The reasons why parents choose not to vaccinate are “multifactorial,” Wendy Sue Swanson, a pediatrician and chief of digital innovation at Seattle Children’s Hospital, told HuffPost.

Yet research demonstrates that parents who chose not to vaccinate are swayed by those in their social circles. A 2013 study of parents in Clark County, Washington, found that roughly 70 percent of vaccine-hesitant parents had someone in their social network who was dissuading them from following standard vaccination schedules, suggesting those voices and conversations can be highly influential.

“We acknowledge that people are getting information from all kinds of different sources,” Swanson said. “Parents don’t get to spend very much time, unfortunately, with their kids’ pediatricians.”

“How do we elevate the voice of science?” she said. “If I’m speaking about vaccines, and someone down the road who didn’t go to medical school, who didn’t do residency, who doesn’t understand vaccines and hasn’t taken care of a child with infectious disease or with a life-threatening vaccine-preventable disease, if they’re talking on Facebook, and I’m talking on Facebook, how do we help the reader in some way know the difference?”

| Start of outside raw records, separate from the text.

(* Let $M,K$ be real anti-symmetric $m\times m$ matrices, $S:\mathbb R^m\to\mathbb R$ smooth, $A$ real symmetric and $B$ real anti-symmetric $m\times m$ matrices, and let $\mathbf z_h$ be a solution of the semi-discrete DG scheme described in the context. Let $E(\mathbf z)=S(\mathbf z)-\frac12K\mathbf z_x\cdot\mathbf z$ and $$\mathcal E_{h,j}=\int_{I_j}E(\mathbf z_h)\,dx-\Big(\tfrac12\widehat{K\mathbf z_h}\cdot\mathbf z_h^-+\tfrac14 B\,\partial_t[\mathbf z_h]\cdot[\mathbf z_h]\Big)_{j+\frac12}+\Big(\tfrac12\widehat{K\mathbf z_h}\cdot\mathbf z_h^+-\tfrac14B\,\partial_t[\mathbf z_h]\cdot[\mathbf z_h]\Big)_{j-\frac12}.$$ Then for every $j$, $$\frac{d}{dt}\mathcal E_{h,j}+\tfrac12\mathcal F(\mathbf z_h,\partial_t\mathbf z_h)_{j+\frac12}-\tfrac12\mathcal F(\mathbf z_h,\partial_t\mathbf z_h)_{j-\frac12}=0,$$ where at each interface $\mathcal F(\mathbf z,\breve{\mathbf z})=\{K\mathbf z\cdot\breve{\mathbf z}\}-\widehat{K\mathbf z}\cdot\{\breve{\mathbf z}\}+\widehat{K\breve{\mathbf z}}\cdot\{\mathbf z\}$ with $\widehat{K\mathbf z}=K\{\mathbf z\}+A[\mathbf z]+B\,\partial_t[\mathbf z]$. Consequently the total energy $$\mathcal E_h=\int_\Omega E(\mathbf z_h)\,dx+\tfrac12\sum_j\Big(\big(K\{\mathbf z_h\}+A[\mathbf z_h]\big)\cdot[\mathbf z_h]\Big)_{j+\frac12}$$ is constant in time.
   Context: Mesh and spaces: a one-dimensional domain $\Omega$ is partitioned into cells $I_j=[x_{j-1/2},x_{j+1/2}]$, $j=1,\dots,N$, with periodic boundary conditions (interface indices taken modulo $N$). For fixed $k\ge 0$, $V_h=\{v\in L^2(\Omega): v|_{I_j}\text{ is a polynomial of degree}\le k\ \forall j\}$ and $\mathbf V_h=(V_h)^m$. For $\mathbf v\in\mathbf V_h$, $\mathbf v^\pm_{j+1/2}$ are its right/left limits at $x_{j+1/2}$; $\{\mathbf v\}=\frac12(\mathbf v^++\mathbf v^-)$, $[\mathbf v]=\mathbf v^+-\mathbf v^-$, $\{K\mathbf v\cdot\mathbf w\}=\frac12(K\mathbf v^+\cdot\mathbf w^++K\mathbf v^-\cdot\mathbf w^-)$; subscript $j\pm\frac12$ means evaluation at $x_{j\pm1/2}$; $\mathbf z_x$ is taken cellwise. The semi-discrete DG scheme: find $\mathbf z_h(t)\in\mathbf V_h$, continuously differentiable in $t$, such that for all $j$ and all $\boldsymbol\varphi\in\mathbf V_h$, $$\int_{I_j}M\partial_t\mathbf z_h\cdot\boldsymbol\varphi\,dx-\int_{I_j}K\mathbf z_h\cdot\partial_x\boldsymbol\varphi\,dx+\big(\widehat{K\mathbf z_h}\cdot\boldsymbol\varphi^-\big)_{j+\frac12}-\big(\widehat{K\mathbf z_h}\cdot\boldsymbol\varphi^+\big)_{j-\frac12}=\int_{I_j}\nabla_{\mathbf z}S(\mathbf z_h)\cdot\boldsymbol\varphi\,dx,$$ with $\widehat{K\mathbf z_h}=K\{\mathbf z_h\}+A[\mathbf z_h]+B\,\partial_t[\mathbf z_h]$ at each interface. (This discretizes $M\mathbf z_t+K\mathbf z_x=\nabla_{\mathbf z}S(\mathbf z)$.) *)

theory Defs
  imports "HOL-Analysis.Analysis"
begin

text \<open>
The mesh has N cells; cell j (j = 0..N-1) is the interval
[p j, p (j+1)].  Interface i (i = 0..N-1, taken modulo N) is the left
endpoint p i of cell i; its left neighbour is cell (i-1) mod N, evaluated
at its right endpoint (for i = 0 this is cell N-1 at p N, periodicity).
Thus x_(j+1/2) of the paper (right end of cell j) is interface j+1 (mod N)
and x_(j-1/2) (left end of cell j) is interface j.

A function of V_h (vector valued, values in real^'m) is stored cellwise
by its polynomial coefficients: a :: nat => nat => real^'m, the restriction
to cell j being x |-> sum_{i<=k} x^i a j i.
\<close>

definition pv :: "nat \<Rightarrow> (nat \<Rightarrow> real^'m) \<Rightarrow> real \<Rightarrow> real^'m" where
  "pv k a x = (\<Sum>i\<le>k. (x ^ i) *\<^sub>R a i)"
definition f_safe :: "'a set \<Rightarrow> (name perm \<Rightarrow> 'a \<Rightarrow> 'a) \<Rightarrow> ('a \<Rightarrow> 'b) \<Rightarrow> 'a \<Rightarrow> bool" where
  "f_safe X actX f u \<longleftrightarrow> u \<in> X \<and>
     (\<forall>v\<in>X. f v = f u \<longrightarrow> card (supp actX v) \<le> card (supp actX u))"

definition bv :: "(name perm \<Rightarrow> 'a \<Rightarrow> 'a) \<Rightarrow> (name perm \<Rightarrow> 'b \<Rightarrow> 'b) \<Rightarrow> ('a \<Rightarrow> 'b) \<Rightarrow> 'a \<Rightarrow> name set" where
  "bv actX actY f u = supp actX u - supp actY (f u)"

definition safe_map :: "'a set \<Rightarrow> (name perm \<Rightarrow> 'a \<Rightarrow> 'a) \<Rightarrow> 'b set \<Rightarrow> ('a \<Rightarrow> 'b) \<Rightarrow> bool" where
  "safe_map X actX Y f \<longleftrightarrow> (\<forall>y\<in>Y. \<exists>u. f u = y \<and> f_safe X actX f u)"

end

theory Submission
  imports Defs
begin
lemma iota_cart_prod_ge:
  fixes G1 :: "'a::finite \<Rightarrow> 'a \<Rightarrow> bool" and G2 :: "'b::finite \<Rightarrow> 'b \<Rightarrow> bool"
  assumes G1: "simple_graph G1" and G2: "simple_graph G2"
  shows "iota G1 + iota G2 \<le> iota (cart_prod G1 G2)"
proof -
  obtain S1 where S1: "S1 \<noteq> {}" "induced_bipartite G1 S1" "iota G1 = avg_degree G1 S1"
    using iota_attained[OF G1] .
  obtain S2 where S2: "S2 \<noteq> {}" "induced_bipartite G2 S2" "iota G2 = avg_degree G2 S2"
    using iota_attained[OF G2] .
  have "iota G1 + iota G2 = avg_degree (cart_prod G1 G2) (S1 \<times> S2)"
    using S1 S2 avg_degree_cart_prod_Times[OF G1 G2] by simp
  also have "\<dots> \<le> iota (cart_prod G1 G2)"
    using S1 S2
    by (intro avg_degree_le_iota simple_graph_cart_prod G1 G2 induced_bipartite_Times) auto
  finally show ?thesis .
qed

theorem proposition3p1:
  fixes G1 :: "'a::finite \<Rightarrow> 'a \<Rightarrow> bool" and G2 :: "'b::finite \<Rightarrow> 'b \<Rightarrow> bool"
  assumes "simple_graph G1" and "simple_graph G2"
    and "CARD('a) \<ge> 2" and "CARD('b) \<ge> 2"
    and "min_eig G1 = - iota G1" and "min_eig G2 = - iota G2"
  shows "min_eig (cart_prod G1 G2) = - iota (cart_prod G1 G2)"
proof -
  have "- iota (cart_prod G1 G2) \<le> min_eig G1 + min_eig G2"
    using iota_cart_prod_ge[OF assms(1,2)] assms(5,6) by simp
  also have "\<dots> \<le> min_eig (cart_prod G1 G2)"
    by (rule min_eig_cart_prod_ge[OF assms(1,2)])
  finally show ?thesis
    using min_eig_le_neg_iota[OF simple_graph_cart_prod[OF assms(1,2)]] by simp
qed

end
lemma char_trivial_on_pos_trajectories_iff:
  assumes c: "c \<in> characters" and "is_endo \<phi>" "is_subgroup S"
  shows "(\<forall>n. \<forall>x\<in>pos_trajectory \<phi> S n. c x = 1) \<longleftrightarrow> (\<forall>k. \<forall>s\<in>S. c ((\<phi> ^^ k) s) = 1)"
proof
  show "\<forall>k. \<forall>s\<in>S. c ((\<phi> ^^ k) s) = 1" if "\<forall>n. \<forall>x\<in>pos_trajectory \<phi> S n. c x = 1"
    using that funpow_image_subset_pos_trajectory [OF assms(2,3)] by blast
next
  assume trivial: "\<forall>k. \<forall>s\<in>S. c ((\<phi> ^^ k) s) = 1"
  show "\<forall>n. \<forall>x\<in>pos_trajectory \<phi> S n. c x = 1"
  proof
    fix n show "\<forall>x\<in>pos_trajectory \<phi> S n. c x = 1"
    proof (induction n)
      case 0
      show ?case
        using spec [OF trivial, of 0] by (simp add: pos_trajectory_0)
    next
      case (Suc n)
      show ?case
      proof
        fix x assume "x \<in> pos_trajectory \<phi> S (Suc n)"
        then obtain a b where "x = a + b" "a \<in> pos_trajectory \<phi> S n" "b \<in> (\<phi> ^^ Suc n) ` S"
          unfolding pos_trajectory_Suc by (rule set_plus_elim)
        moreover from this(3) have "c b = 1"
          using trivial by blast
        ultimately show "c x = 1"
          using Suc.IH by (simp add: char_add [OF c])
      qed
    qed
  qed
qed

In response to the AAP letters, a spokesperson for Pinterest told HuffPost the company will “continue to use AAP resources to guide our work and look forward to continuing our conversation with them.” (A spokesperson for Google declined to comment specifically on the AAP’s letter, and Facebook did not respond to requests for comment in time for publication.)

There are many reasons why parents choose not to vaccinate, according to Wendy Sue Swanson, a Seattle pediatrician.
Karl Tapales via Getty Images
There are many reasons why parents choose not to vaccinate, according to Wendy Sue Swanson, a Seattle pediatrician.

But the companies appear to be acknowledging their role in the spread of vaccine misinformation. In late February, Pinterest announced it had blocked all vaccine-related searches on its site, which it describes as a temporary solution until it can figure out a long-term strategy for anti-vax advice. This week Facebook also announced a crackdown on anti-vax content on its site by lowering the rankings of groups that spread vaccine misinformation and by rejecting anti-vax ads. And Google, which owns YouTube, has also taken what it describes as steps to more effectively highlight credible news sources and stories.

The AAP says, however, that more can and must be done, though what exactly that means at this point is not clear.

“It’s really easy, I think, to say that the easy solution is to just shut something or someone down,” Swanson said. “I’m not sure about that. I think we care deeply about liberty, I think we care deeply about parents feeling like they have access to all the information they need, and I care deeply that this is not about shaming, or silencing or squashing. This is just about elevating the voice of science.”